Complete Genome Sequences for Two Talaromyces marneffei Clinical Isolates from Northern and Southern Vietnam

Christina A. Cuomo; Terrance Shea; Thu Nguyen; Philip Ashton; John Perfect; Thuy Le

doi:10.1128/MRA.01367-19

Microbiol Resour Announc. 2020 Jan; 9(2): e01367-19.

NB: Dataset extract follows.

(* Let $\Gamma$ be a finite multiset of formulas and $G$ a formula such that the sequent $G\supset\bot,\Gamma\longrightarrow G$ has an $\mathbf{I}$-proof in which no $\forall$-L and no $\supset$-R rules are used. Then there is an $\mathbf{I}_G$-proof of $\Gamma\longrightarrow G$ in which no $\forall$-L and no $\supset$-R rules are used.
   Context: Formulas are first-order formulas built from atomic formulas and the logical constants $\top$, $\bot$ (not counted as atomic) using $\land,\lor,\supset,\forall,\exists$; $B[t/x]$ is capture-avoiding substitution of term $t$ for free $x$ in $B$. A sequent $\Gamma\longrightarrow\Delta$ is a pair of finite multisets of formulas; $B,\Gamma$ denotes $\Gamma$ with an extra occurrence of $B$. A sequent is an axiom if $\top\in\Delta$ or some formula that is $\bot$ or atomic occurs in both $\Gamma$ and $\Delta$. Writing premises $\Rightarrow$ conclusion, the rules are all instances of: contr-L: $B,B,\Gamma\longrightarrow\Delta\Rightarrow B,\Gamma\longrightarrow\Delta$; contr-R: $\Gamma\longrightarrow\Delta,B,B\Rightarrow\Gamma\longrightarrow\Delta,B$; $\bot$-R: $\Gamma\longrightarrow\Delta,\bot\Rightarrow\Gamma\longrightarrow\Delta,D$; $\land$-L: $B,\Gamma\longrightarrow\Delta\Rightarrow B\land D,\Gamma\longrightarrow\Delta$ and $D,\Gamma\longrightarrow\Delta\Rightarrow B\land D,\Gamma\longrightarrow\Delta$; $\lor$-L: $B,\Gamma\longrightarrow\Delta$ and $D,\Gamma\longrightarrow\Delta\Rightarrow B\lor D,\Gamma\longrightarrow\Delta$; $\land$-R: $\Gamma\longrightarrow\Delta,B$ and $\Gamma\longrightarrow\Delta,D\Rightarrow\Gamma\longrightarrow\Delta,B\land D$; $\lor$-R: $\Gamma\longrightarrow\Delta,B\Rightarrow\Gamma\longrightarrow\Delta,B\lor D$ and $\Gamma\longrightarrow\Delta,D\Rightarrow\Gamma\longrightarrow\Delta,B\lor D$; $\supset$-L: $\Gamma\longrightarrow\Delta,B$ and $D,\Gamma\longrightarrow\Theta\Rightarrow B\supset D,\Gamma\longrightarrow\Delta,\Theta$; $\supset$-R: $B,\Gamma\longrightarrow\Delta,D\Rightarrow\Gamma\longrightarrow\Delta,B\supset D$; $\forall$-L: $B[t/x],\Gamma\longrightarrow\Delta\Rightarrow\forall x B,\Gamma\longrightarrow\Delta$; $\exists$-R: $\Gamma\longrightarrow\Delta,B[t/x]\Rightarrow\Gamma\longrightarrow\Delta,\exists x B$ ($t$ any term); $\exists$-L: $B[c/x],\Gamma\longrightarrow\Delta\Rightarrow\exists x B,\Gamma\longrightarrow\Delta$; $\forall$-R: $\Gamma\longrightarrow\Delta,B[c/x]\Rightarrow\Gamma\longrightarrow\Delta,\forall x B$, where the constant $c$ does not occur in the conclusion. A $\mathbf{C}$-proof is a finite tree of sequents with axioms at the leaves, each internal node being the conclusion of a rule instance whose premises are its children. An $\mathbf{I}$-proof is a $\mathbf{C}$-proof in which every sequent has exactly one formula in its succedent. For a fixed formula $G$, an $\mathbf{I}_G$-proof is a derivation, all of whose sequents have exactly one succedent formula and whose leaves are axioms, built with the rules available for $\mathbf{I}$-proofs except that: the $\lor$-L rule is removed; the constant $c$ in $\exists$-L and $\forall$-R must additionally not occur in $G$; and the following two rules are added ($F$ any formula, $\Delta$ any multiset): $\lor$-L$_G$: $B,\Delta\longrightarrow F$ and $D,\Delta\longrightarrow G\ \Rightarrow\ B\lor D,\Delta\longrightarrow F$; res$_G$: $\Delta\longrightarrow G\ \Rightarrow\ \Delta\longrightarrow F$. A rule "is used" if some instance of that schema occurs in the proof. *)

theory Defs
  imports Main "HOL-Library.Multiset"
begin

Published online 2020 Jan 9. doi: 10.1128/MRA.01367-19

PMCID: PMC6952663

PMID: 31919177

Complete Genome Sequences for Two Talaromyces marneffei Clinical Isolates from Northern and Southern Vietnam

Christina A. Cuomo,^a Terrance Shea,^a Thu Nguyen,^b Philip Ashton,^c John Perfect,^b and Thuy Le^b,^c

Antonis Rokas, Editor

Antonis Rokas, Vanderbilt University;

Author information Article notes Copyright and License information PMC Disclaimer

Associated Data

Data Availability Statement: The sequence, assembly, and annotation reported here are available in GenBank under BioProject accession number PRJNA522919. Raw sequence reads have been deposited in the NCBI Sequence Read Archive for 11CN-03-130 (Oxford Nanopore data, accession number SRR8592562; Illumina iSeq data, accession number SRR8784960; and Illumina HiSeq 4000 data, accession number SRR10359552) and for 11CN-20-091 (Oxford Nanopore data, accession number SRR8592561; Illumina iSeq data, accession number SRR8784959; and Illumina HiSeq 4000 data, accession number SRR10359551). Annotated assemblies are deposited under GenBank accession number WINJ00000000 for 11CN-03-130 and under accession numbers CP045653 to CP045660 for 11CN-20-091.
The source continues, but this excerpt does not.